[Opening Supplied records section]

(* Let $(a_\nu,b_\nu)_{\nu\ge1}$ be a sequence in $P$ converging to $(a,b)\in\mathbb{R}^2$. If the sequence $N(a_\nu,b_\nu)$ is bounded and $(a,b)\ne(0,-1)$, then $(a,b)\notin P'$. If in addition $(a,b)\in P$, then $N(a,b)\le\sup_\nu N(a_\nu,b_\nu)$.
   Context: Let $P$ be the set of $(a,b)\in\mathbb{R}^2$ such that $h(x)=x^2+ax+b$ has no multiple root and $h(x)>0$ for all real $x$ with $|x|\ge1$ (equivalently: $a^2<4b$, or $a^2>4b$ and $|a|<\min\{2,b+1\}$). Let $P'=\{(a,b)\in\mathbb{R}^2: a^2=4b\ge4\}\cup\{(a,b)\in\mathbb{R}^2:|a|=b+1\le2\}$. For $(a,b)\in P$ let $C_{a,b}$ be the affine curve $y^2+(x^2-1)(x^2+ax+b)=0$, $\mathbb{R}[C_{a,b}]=\mathbb{R}[x,y]/(y^2+(x^2-1)(x^2+ax+b))$. For $g=u(x)+v(x)y$ put $\delta(g)=\max\{\deg u,\deg v+2\}$, and for $0\ne g$ let $\theta(g)$ be the least integer $e\ge0$ with $g=\sum_i g_i^2$, $g_i\in\mathbb{R}[C_{a,b}]$, $\delta(g_i)\le e$. Define $N(a,b):=\theta(1-x^2)$ computed in $\mathbb{R}[C_{a,b}]$. Equivalently, $N(a,b)=2+\frac12\deg t$ where $s,t\in\mathbb{R}[x]$ are sums of squares with $1=t(x)(x^2+ax+b)-s(x)(x^2-1)$ and $\deg s=\deg t$ as small as possible. *)

theory Defs
  imports "HOL-Analysis.Analysis" "HOL-Computational_Algebra.Polynomial"
begin

text \<open>The set P: h(x) = x^2 + a x + b has no multiple root and h(x) > 0 for |x| >= 1.
  For the monic quadratic h, having a multiple root means a^2 = 4 b.\<close>
definition P_set :: "(real \<times> real) set" where
  "P_set = {(a, b). a\<^sup>2 \<noteq> 4 * b \<and> (\<forall>x::real. \<bar>x\<bar> \<ge> 1 \<longrightarrow> x\<^sup>2 + a * x + b > 0)}"

definition P'_set :: "(real \<times> real) set" where
  "P'_set = {(a, b). a\<^sup>2 = 4 * b \<and> 4 * b \<ge> 4} \<union> {(a, b). \<bar>a\<bar> = b + 1 \<and> b + 1 \<le> 2}"

text \<open>Elements of R[C_{a,b}] = R[x,y]/(y^2 + (x^2-1)(x^2+ax+b)) are written uniquely
  as u(x) + v(x) y, represented by the pair (u, v).  In R[C], y^2 = -(x^2-1) h(x).\<close>
definition hpoly :: "real \<Rightarrow> real \<Rightarrow> real poly" where
  "hpoly a b = [:b, a, 1:]"

definition ysq :: "real \<Rightarrow> real \<Rightarrow> real poly" where
  "ysq a b = - ([:-1, 0, 1:] * hpoly a b)"

definition sq_C :: "real \<Rightarrow> real \<Rightarrow> real poly \<times> real poly \<Rightarrow> real poly \<times> real poly" where
  "sq_C a b g = (fst g * fst g + snd g * snd g * ysq a b, 2 * fst g * snd g)"

text \<open>delta(u + v y) = max(deg u, deg v + 2), with the zero polynomial contributing
  nothing (its degree is -infinity); values are compared against e >= 0.\<close>
definition delta_C :: "real poly \<times> real poly \<Rightarrow> nat" where
  "delta_C g = max (degree (fst g)) (if snd g = 0 then 0 else degree (snd g) + 2)"

definition sos_deg_C :: "real \<Rightarrow> real \<Rightarrow> nat \<Rightarrow> real poly \<times> real poly \<Rightarrow> bool" where
  "sos_deg_C a b e f \<longleftrightarrow> (\<exists>gs :: (real poly \<times> real poly) list.
      (\<forall>g\<in>set gs. delta_C g \<le> e) \<and>
      sum_list (map (\<lambda>g. fst (sq_C a b g)) gs) = fst f \<and>
      sum_list (map (\<lambda>g. snd (sq_C a b g)) gs) = snd f)"

definition theta_C :: "real \<Rightarrow> real \<Rightarrow> real poly \<times> real poly \<Rightarrow> nat" where
  "theta_C a b f = (LEAST e. sos_deg_C a b e f)"

definition N_ab :: "real \<Rightarrow> real \<Rightarrow> nat" where
  "N_ab a b = theta_C a b ([:1, 0, -1:], 0)"

end

theory Submission
  imports Defs "HOL-Computational_Algebra.Fundamental_Theorem_Algebra"
begin

(* Writing 1 - x^2 = sum (u_i + v_i y)^2 in R[C_{a,b}] and separating the y-free part, a
   representation of level e amounts to a "certificate": nonnegative polynomials S, T with
   deg S <= 2e and S + (1 - x^2) h T = 1 - x^2, where h = x^2 + a x + b.  The converse
   direction rests on the classical fact that nonnegative real polynomials are sums of squares
   of half degree.  Hence N(a, b) is the least level of a certificate.

   Certificates exist at every point of P (an explicit multiplier T interpolating 1/h at +-1),
   so N(a_nu, b_nu) <= M for M the supremum gives certificates of level M along the sequence.
   Where h is positive inside (-1, 1), the values of T_nu at 2M + 1 such nodes are bounded
   (h_nu T_nu <= 1 there); by Lagrange interpolation a subsequence of certificates converges
   to a certificate of level M at the limit (a, b).  For (a, b) in P this gives N(a, b) <= M.
   For (a, b) in P' \ {(0, -1)}, h has a root x0 with |x0| >= 1, which is impossible since a
   certificate forces h T >= 1 for |x| > 1. *)

definition sos_repr :: "real poly list \<Rightarrow> real poly \<Rightarrow> bool" where
  "sos_repr qs p \<longleftrightarrow> p = sum_list (map (\<lambda>q. q * q) qs) \<and> (\<forall>q\<in>set qs. 2 * degree q \<le> degree p)"

lemma sum_list_squares_scale:
  "sum_list (map (\<lambda>q. q * q) (map ((*) c) qs)) = c * c * sum_list (map (\<lambda>q. q * q) qs)"
  for c :: "'a::comm_ring"
  by (induction qs) (auto simp: algebra_simps)

lemma poly_sum_list_squares_nonneg: "poly (sum_list (map (\<lambda>q. q * q) qs)) x \<ge> (0::real)"
  by (induction qs) (auto simp: poly_sum_list)

lemma poly_pos_nbhd:
  fixes q :: "real poly"
  assumes "poly q r > 0"
  obtains d where "d > 0" "\<And>y. \<bar>y - r\<bar> < d \<Longrightarrow> poly q y > 0"
proof -
  have "((\<lambda>x. poly q x) \<longlongrightarrow> poly q r) (at r)"
    using poly_isCont isCont_def by blast
  hence "eventually (\<lambda>x. 0 < poly q x) (at r)" using assms order_tendstoD(1) by blast
  then obtain d where "d > 0" "\<forall>x. x \<noteq> r \<and> dist x r < d \<longrightarrow> 0 < poly q x"
    unfolding eventually_at by blast
  with assms show ?thesis
    by (intro that[of d]) (auto simp: dist_real_def)
qed

text \<open>If \<open>(x - r) p\<^sub>1\<close> is nonnegative then \<open>p\<^sub>1(r) = 0\<close>; otherwise the product would change
  sign at \<open>r\<close>.\<close>
lemma nonneg_root_cofactor:
  fixes p1 :: "real poly"
  assumes nonneg: "\<forall>x. poly ([:-r, 1:] * p1) x \<ge> 0"
  shows "poly p1 r = 0"
proof (rule ccontr)
  assume ne: "poly p1 r \<noteq> 0"
  define e where "e = (if poly p1 r > 0 then -1 else 1 :: real)"
  have "poly (smult (- e) p1) r > 0" using ne by (auto simp: e_def)
  then obtain d where d: "d > 0" "\<And>y. \<bar>y - r\<bar> < d \<Longrightarrow> poly (smult (- e) p1) y > 0"
    using poly_pos_nbhd by blast
  define y where "y = r + e * d / 2"
  have "\<bar>y - r\<bar> < d" using d(1) by (simp add: y_def e_def)
  hence "- e * poly p1 y > 0" using d(2) by simp
  moreover have "poly ([:-r, 1:] * p1) y = (y - r) * poly p1 y" by (simp add: algebra_simps)
  moreover have "y - r = e * d / 2" by (simp add: y_def)
  ultimately have "poly ([:-r, 1:] * p1) y < 0"
    using d(1) by (auto simp: e_def mult_less_0_iff split: if_splits)
  thus False using nonneg by (meson not_le)
qed

lemma nonneg_poly_double_root:
  fixes p :: "real poly"
  assumes nonneg: "\<forall>x. poly p x \<ge> 0" and r: "poly p r = 0"
  obtains p2 where "p = [:-r, 1:] * [:-r, 1:] * p2" "\<forall>x. poly p2 x \<ge> 0"
proof -
  obtain p1 where p1: "p = [:-r, 1:] * p1" using r poly_eq_0_iff_dvd by (metis dvdE)
  have "poly p1 r = 0" using nonneg by (intro nonneg_root_cofactor) (simp add: p1)
  then obtain p2 where p2: "p1 = [:-r, 1:] * p2" using poly_eq_0_iff_dvd by (metis dvdE)
  have pp: "p = [:-r, 1:] * ([:-r, 1:] * p2)" by (simp add: p1 p2)
  have "poly p2 x \<ge> 0" if "x \<noteq> r" for x
  proof -
    have "0 \<le> poly p x" using nonneg by blast
    also have "\<dots> = (x - r)\<^sup>2 * poly p2 x" by (simp add: pp power2_eq_square algebra_simps)
    finally show ?thesis using that by (simp add: zero_le_mult_iff)
  qed
  moreover have "poly p2 r \<ge> 0"
  proof (rule ccontr)
    assume "\<not> poly p2 r \<ge> 0"
    hence "poly (-p2) r > 0" by simp
    then obtain d where "d > 0" "\<And>y. \<bar>y - r\<bar> < d \<Longrightarrow> poly (-p2) y > 0"
      using poly_pos_nbhd by blast
    hence "poly p2 (r + d / 2) < 0" "r + d / 2 \<noteq> r" by auto
    with calculation show False by (meson not_le)
  qed
  ultimately show ?thesis using that pp by (metis mult.assoc)
qed

lemma poly_map_of_real:
  "poly (map_poly (of_real :: real \<Rightarrow> complex) p) (of_real x) = of_real (poly p x)"
  by (induction p) (auto simp: map_poly_pCons)

lemma map_poly_of_real_add_mult:
  "map_poly (of_real :: real \<Rightarrow> complex) (p * q + r) =
     map_poly of_real p * map_poly of_real q + map_poly of_real r"
  by (rule poly_eqI) (simp add: coeff_map_poly coeff_mult)

text \<open>A real polynomial of positive degree without real roots has a monic quadratic factor
  \<open>(x - \<alpha>)\<^sup>2 + \<beta>\<^sup>2\<close> with \<open>\<beta> \<noteq> 0\<close>: divide by the real quadratic whose roots are a
  non-real complex root \<open>z\<close> and its conjugate; the linear remainder vanishes at \<open>z\<close>.\<close>
lemma rootfree_poly_quadratic_factor:
  fixes p :: "real poly"
  assumes no_root: "\<forall>x. poly p x \<noteq> 0" and deg: "degree p > 0"
  obtains \<alpha> \<beta> D where "\<beta> \<noteq> 0" "p = [:\<alpha>\<^sup>2 + \<beta>\<^sup>2, -2 * \<alpha>, 1:] * D"
proof -
  let ?C = "map_poly (of_real :: real \<Rightarrow> complex)"
  have "degree (?C p) = degree p" by (rule degree_map_poly) simp
  then obtain z where z: "poly (?C p) z = 0" using deg alg_closed_imp_poly_has_root by metis
  have imz: "Im z \<noteq> 0"
  proof
    assume "Im z = 0"
    hence "z = of_real (Re z)" by (simp add: complex_eq_iff)
    thus False using z no_root poly_map_of_real by (metis of_real_eq_0_iff)
  qed
  define Q where "Q = [:(Re z)\<^sup>2 + (Im z)\<^sup>2, -2 * Re z, 1:]"
  define R where "R = p mod Q"
  have "degree R < 2" using degree_mod_less[of Q p] unfolding R_def Q_def
    by (cases "R = 0") auto
  hence R_lin: "R = [:coeff R 0, coeff R 1:]"
    by (intro poly_eqI) (auto simp: coeff_pCons coeff_eq_0 split: nat.split)
  have "poly (?C Q) z = 0"
    unfolding Q_def by (simp add: map_poly_pCons complex_eq_iff power2_eq_square algebra_simps)
  moreover have "p = Q * (p div Q) + R" unfolding R_def by (simp add: mult.commute)
  ultimately have "poly (?C R) z = 0"
    using z by (metis map_poly_of_real_add_mult poly_add poly_mult mult_zero_left add_0)
  hence "of_real (coeff R 0) + of_real (coeff R 1) * z = (0::complex)"
    by (subst (asm) R_lin) (simp add: map_poly_pCons mult.commute)
  hence "coeff R 1 = 0" "coeff R 0 = 0" using imz by (auto simp: complex_eq_iff)
  hence "p = Q * (p div Q)" using R_lin \<open>p = Q * (p div Q) + R\<close> by simp
  thus ?thesis using that imz unfolding Q_def by blast
qed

[Closing Supplied records section]

▸ **Work task**: Find "using z by (metis" in the entries above, then repeat its line and all lines after it exactly, down to the last line.

▸ **Task result**:
    using z by (metis map_poly_of_real_add_mult poly_add poly_mult mult_zero_left add_0)
  hence "of_real (coeff R 0) + of_real (coeff R 1) * z = (0::complex)"
    by (subst (asm) R_lin) (simp add: map_poly_pCons mult.commute)
  hence "coeff R 1 = 0" "coeff R 0 = 0" using imz by (auto simp: complex_eq_iff)
  hence "p = Q * (p div Q)" using R_lin \<open>p = Q * (p div Q) + R\<close> by simp
  thus ?thesis using that imz unfolding Q_def by blast
qed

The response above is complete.